= Fifth Column (intelligence operation) =

WW2 MI5 counter-intelligence operation

Fifth Column was the name MI5, the British Security Service, gave to a World War II operation run from 1942 until at least 1947. It was initially intended to identify people who would be willing to assist Germany in the event of an invasion of the United Kingdom, but as it developed, it also acted to divert its targets away from harmful activities. Although it ended up providing information on more than 500 suspects, it was the source of conflict within MI5, and after the war ended it remained secret, with none of the targets ever aware that they had been its subject. It was revealed in a release of files to the National Archives in 2014.

==Personnel==
The operation was run by the counter-sabotage section of MI5, designation B1c. The head of this small section was Victor Rothschild, who had joined MI5 in 1940 to do scientific liaison. He was assisted by Theresa Clay, an entomologist whom he'd recruited. The agent at the heart of the operation was Eric Roberts, a former bank clerk who had been working under cover for MI5 inside the British Union of Fascists since 1934.

==The operation==
While looking for a spy ring at the British branch of the Siemens company in 1941, Roberts had come into contact with a British fascist, Marita Perigoe. While MI5 believed Perigoe to be of "mixed Swedish and German origin", she was actually the London-born daughter of Australian parents; her mother was a songwriter and composer, May Brahe. Perigoe was determined to help Germany win the war. At the start of 1942, Rothschild proposed that she should instead be put to work for MI5.

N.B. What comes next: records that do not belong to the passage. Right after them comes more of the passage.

(* Let $X$ be a compact Hausdorff space, $\mathcal{A}$ a unital $C^*$-algebra with unit $1$, $\mathcal{E}$ a $*$-subalgebra of $C(X,\mathcal{A})$ such that $1_X\in\bar{\mathcal{E}}$. Let $x\in X$ and $\delta>0$. Then for every selfadjoint $f\in\Delta_2(\mathcal{E})$ there are selfadjoint $g,h\in\bar{\mathcal{E}}$ with $g(x)=f(x)=h(x)$ and $g-\delta\cdot1_X\leq f\leq h+\delta\cdot1_X$.
   Context: $C(X,\mathcal{A})$: continuous maps $X\to\mathcal{A}$, pointwise operations, supremum norm; $1_X$ is the constant map equal to $1$; $\bar{\mathcal{E}}$ is the uniform closure of $\mathcal{E}$. $\Delta_2(\mathcal{E})$ is the set of all $u\in C(X,\mathcal{A})$ such that for all $x,y\in X$ and $\varepsilon>0$ there is $v\in\mathcal{E}$ with $\|v(z)-u(z)\|<\varepsilon$ for $z\in\{x,y\}$. For selfadjoint functions, $u\leq w$ means $u(z)\leq w(z)$ (i.e. $w(z)-u(z)$ nonnegative) for all $z\in X$. *)

theory Defs
  imports "HOL-Analysis.Analysis"
begin

text \<open>The real structure comes from the
library class real_normed_algebra_1 + banach; complex scalars are added via
cscale, compatible with scaleR.\<close>

class cstar_algebra_1 = real_normed_algebra_1 + banach +
  fixes cscale :: "complex \<Rightarrow> 'a \<Rightarrow> 'a"
    and adj :: "'a \<Rightarrow> 'a"
  assumes cscale_of_real: "cscale (complex_of_real r) x = r *\<^sub>R x"
    and cscale_add_right: "cscale c (x + y) = cscale c x + cscale c y"
    and cscale_add_left: "cscale (c + d) x = cscale c x + cscale d x"
    and cscale_assoc: "cscale c (cscale d x) = cscale (c * d) x"
    and cscale_one: "cscale 1 x = x"
    and norm_cscale: "norm (cscale c x) = cmod c * norm x"
    and cscale_mult_left: "cscale c x * y = cscale c (x * y)"
    and cscale_mult_right: "x * cscale c y = cscale c (x * y)"
    and adj_adj: "adj (adj x) = x"
    and adj_add: "adj (x + y) = adj x + adj y"
    and adj_cscale: "adj (cscale c x) = cscale (cnj c) (adj x)"
    and adj_mult: "adj (x * y) = adj y * adj x"
    and cstar_identity: "norm (adj x * x) = (norm x)\<^sup>2"

definition cinvertible :: "'a::cstar_algebra_1 \<Rightarrow> bool" where
  "cinvertible b \<longleftrightarrow> (\<exists>c. b * c = 1 \<and> c * b = 1)"

definition cspectrum :: "'a::cstar_algebra_1 \<Rightarrow> complex set" where
  "cspectrum a = {l. \<not> cinvertible (a - cscale l 1)}"

definition selfadjoint :: "'a::cstar_algebra_1 \<Rightarrow> bool" where
  "selfadjoint a \<longleftrightarrow> adj a = a"

definition nonneg :: "'a::cstar_algebra_1 \<Rightarrow> bool" where
  "nonneg a \<longleftrightarrow> selfadjoint a \<and> cspectrum a \<subseteq> {complex_of_real t | t. t \<ge> 0}"

text \<open>Functions are of type 'x \<Rightarrow> 'a; only their values on topspace X matter.\<close>

definition CXA :: "'x topology \<Rightarrow> ('x \<Rightarrow> 'a::cstar_algebra_1) set" where
  "CXA X = {u. continuous_map X euclidean u}"

definition star_subalgebra :: "'x topology \<Rightarrow> ('x \<Rightarrow> 'a::cstar_algebra_1) set \<Rightarrow> bool" where
  "star_subalgebra X E \<longleftrightarrow> E \<subseteq> CXA X \<and> (\<lambda>z. 0) \<in> E \<and>
     (\<forall>u\<in>E. \<forall>v\<in>E. (\<lambda>z. u z + v z) \<in> E) \<and>
     (\<forall>c. \<forall>u\<in>E. (\<lambda>z. cscale c (u z)) \<in> E) \<and>
     (\<forall>u\<in>E. \<forall>v\<in>E. (\<lambda>z. u z * v z) \<in> E) \<and>
     (\<forall>u\<in>E. (\<lambda>z. adj (u z)) \<in> E)"

definition uclosure :: "'x topology \<Rightarrow> ('x \<Rightarrow> 'a::cstar_algebra_1) set \<Rightarrow> ('x \<Rightarrow> 'a) set" where
  "uclosure X E = {u \<in> CXA X. \<forall>\<epsilon>>0. \<exists>v\<in>E. \<forall>z\<in>topspace X. norm (v z - u z) < \<epsilon>}"

definition Delta2 :: "'x topology \<Rightarrow> ('x \<Rightarrow> 'a::cstar_algebra_1) set \<Rightarrow> ('x \<Rightarrow> 'a) set" where
  "Delta2 X E = {u \<in> CXA X. \<forall>x\<in>topspace X. \<forall>y\<in>topspace X. \<forall>\<epsilon>>0.
      \<exists>v\<in>E. norm (v x - u x) < \<epsilon> \<and> norm (v y - u y) < \<epsilon>}"

definition sa_fun :: "'x topology \<Rightarrow> ('x \<Rightarrow> 'a::cstar_algebra_1) \<Rightarrow> bool" where
  "sa_fun X u \<longleftrightarrow> (\<forall>z\<in>topspace X. selfadjoint (u z))"

definition fun_le :: "'x topology \<Rightarrow> ('x \<Rightarrow> 'a::cstar_algebra_1) \<Rightarrow> ('x \<Rightarrow> 'a) \<Rightarrow> bool" where
  "fun_le X u w \<longleftrightarrow> (\<forall>z\<in>topspace X. nonneg (w z - u z))"

end

theory Submission
  imports Defs "HOL-Computational_Algebra.Formal_Power_Series"
begin

text \<open>Nonnegativity is certified without functional calculus: a selfadjoint \<open>c\<close> with
  \<open>\<parallel>s - c\<parallel> \<le> s\<close> for some \<open>s \<ge> 0\<close> is nonnegative (Neumann series keep its spectrum in
  \<open>[0, \<infinity>)\<close>), this certificate is stable under sums, and squares of selfadjoint elements have
  it, via the binomial series for \<open>\<surd>(1 - y\<^sup>2)\<close>.

  In the uniform closure \<open>Ebar\<close>, closed under uniformly convergent series, every selfadjoint
  \<open>b \<in> A\<close> approximable at \<open>x\<close> by \<open>E\<close> is \<open>u(x)\<close> for a selfadjoint \<open>u \<in> Ebar\<close> with
  \<open>\<parallel>u\<parallel> \<le> 4\<parallel>b\<parallel>\<close>: approximate, and replace the approximant \<open>d\<close> by \<open>d (1 + K d\<^sup>2)\<^sup>-\<^sup>1\<close>,
  which halves the error at \<open>x\<close> while staying bounded by \<open>2\<parallel>b\<parallel>\<close> everywhere; the corrections
  sum to \<open>u\<close>. Take such \<open>u\<close> with \<open>u(x) = f(x)\<close>. Correcting elements of \<open>E\<close> close to \<open>f\<close>
  at \<open>x\<close> and \<open>y\<close> in the same way gives selfadjoint \<open>W\<^sub>y \<in> Ebar\<close> with \<open>W\<^sub>y(x) = f(x)\<close>
  and \<open>\<parallel>W\<^sub>y - f\<parallel> < 3\<delta>/4\<close> near \<open>y\<close>; finitely many of them suffice by compactness. With
  \<open>Q = \<Sum>\<^sub>y (W\<^sub>y - u)\<^sup>2\<close>, the functions \<open>u \<mp> Q/\<delta>\<close> work, because
  \<open>w\<^sup>2/\<delta> + \<delta> \<ge> \<plusminus>a\<close> whenever \<open>\<parallel>a - w\<parallel> \<le> 3\<delta>/4\<close> (complete the square).\<close>

declare cscale_of_real [simp]

lemma cscale_zero_left [simp]: "cscale 0 (x::'a::cstar_algebra_1) = 0"
  using cscale_of_real[of 0 x] by simp

lemma cscale_add_cscale_minus: "cscale c x + cscale (- c) (x::'a::cstar_algebra_1) = 0"
  by (metis add.right_inverse cscale_add_left cscale_zero_left)

lemma cscale_minus_left: "cscale (- c) (x::'a::cstar_algebra_1) = - cscale c x"
  by (metis add_eq_0_iff cscale_add_cscale_minus)

lemma cscale_diff_right: "cscale c (x - y::'a::cstar_algebra_1) = cscale c x - cscale c y"
  by (metis add_diff_cancel cscale_add_right diff_add_cancel)

lemma cscale_mult_cscale: "cscale a (x::'a::cstar_algebra_1) * cscale b y = cscale (a * b) (x * y)"
  by (simp add: cscale_mult_left cscale_mult_right cscale_assoc mult.commute)

lemma adj_zero [simp]: "adj (0::'a::cstar_algebra_1) = 0"
  by (metis add_cancel_right_right adj_add)

lemma adj_minus: "adj (- x::'a::cstar_algebra_1) = - adj x"
  by (metis add_eq_0_iff adj_add adj_zero)

lemma adj_diff: "adj (x - y::'a::cstar_algebra_1) = adj x - adj y"
  by (metis adj_add adj_minus diff_conv_add_uminus)

lemma adj_scaleR: "adj (r *\<^sub>R x::'a::cstar_algebra_1) = r *\<^sub>R adj x"
  by (metis adj_cscale complex_cnj_complex_of_real cscale_of_real)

Roberts, working under the alias "Jack King", told Perigoe that he was the Gestapo's agent in London, with instructions to find people who would be willing to help Germany in the event of invasion. Perigoe agreed to help and began bringing in recruits including her friend Eileen Gleave and a former fascist acquaintance Hans Kohout. The intention was that this would be a passive operation, but the recruits wanted to be put to work, either as sabotage agents or spies. MI5 decided the safest thing to do would be to allow them to gather intelligence. Kohout in particular was a prolific gatherer of intelligence: he brought in the specifications of the new Mosquito bomber, clues to night-vision technology and details of "Window". Other recruits supplied information on fellow fascists and Nazi sympathizers.

The group met in a flat at 499 Park West, which had been bugged by MI5. By the end of the war, Roberts was estimated to be directly or indirectly in contact with 500 fascists.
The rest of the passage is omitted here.